→ **Task prompt**
From the data below, return each line in which the string "dots" is found.

→ **Stored data entries**
▬▬▬

lemma pmf_hard_dist:
  assumes "D \<in> transversals n"
  shows "pmf (hard_dist D) z = (if z = (0, 0) then 1 - 1 / real j else 0)
     + (if z \<in> mid ` D then mid_mass / real n else 0)
     + (if z = rare D then 1 / real k else 0)"
proof -
  have D: "finite D" "D \<noteq> {}" "card D = n"
    using finite_transversal card_transversal assms n_pos by fastforce+
  then show ?thesis
    unfolding hard_dist_def using j_pos j_le_k
    by (subst pmf_p_dist) (auto simp: B_inv indicator_def mid_mass_def mid_def rare_def)
qed

lemma pmf_hard_dist_rare:
  "D \<in> transversals n \<Longrightarrow> D' \<in> transversals n \<Longrightarrow>
     pmf (hard_dist D) (rare D') = (if D' = D then 1 / real k else 0)"
  by (auto simp: pmf_hard_dist rare_eq_iff finite_transversal)

lemma pmf_hard_dist_mid:
  "D \<in> transversals n \<Longrightarrow> pmf (hard_dist D) (mid u) = (if u \<in> D then mid_mass / real n else 0)"
  by (auto simp: pmf_hard_dist)

lemma set_hard_dist:
  "D \<in> transversals n \<Longrightarrow> z \<in> set_pmf (hard_dist D) \<Longrightarrow> z = (0, 0) \<or> z \<in> mid ` D \<or> z = rare D"
  by (auto simp: set_pmf_eq pmf_hard_dist split: if_splits)

lemma prob_hard_dist_mid:
  assumes "D \<in> transversals n"
  shows "measure_pmf.prob (hard_dist D) (mid ` U) = mid_mass * card (D \<inter> U) / n"
proof -
  have "finite (D \<inter> U)"
    using finite_transversal[OF assms] by simp
  have "measure_pmf.prob (hard_dist D) (mid ` U) = measure_pmf.prob (hard_dist D) (mid ` (D \<inter> U))"
    by (intro measure_eq_AE) (auto simp: AE_measure_pmf_iff dest!: set_hard_dist[OF assms])
  also have "\<dots> = (\<Sum>u\<in>D \<inter> U. pmf (hard_dist D) (mid u))"
    using \<open>finite (D \<inter> U)\<close> by (simp add: measure_measure_pmf_finite sum.reindex inj_on_def)
  also have "\<dots> = mid_mass * card (D \<inter> U) / n"
    by (simp add: pmf_hard_dist_mid[OF assms])
  finally show ?thesis .
qed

▬▬▬

→ **Solution for this task**
  also have "\<dots> = (\<Sum>u\<in>D \<inter> U. pmf (hard_dist D) (mid u))"
  also have "\<dots> = mid_mass * card (D \<inter> U) / n"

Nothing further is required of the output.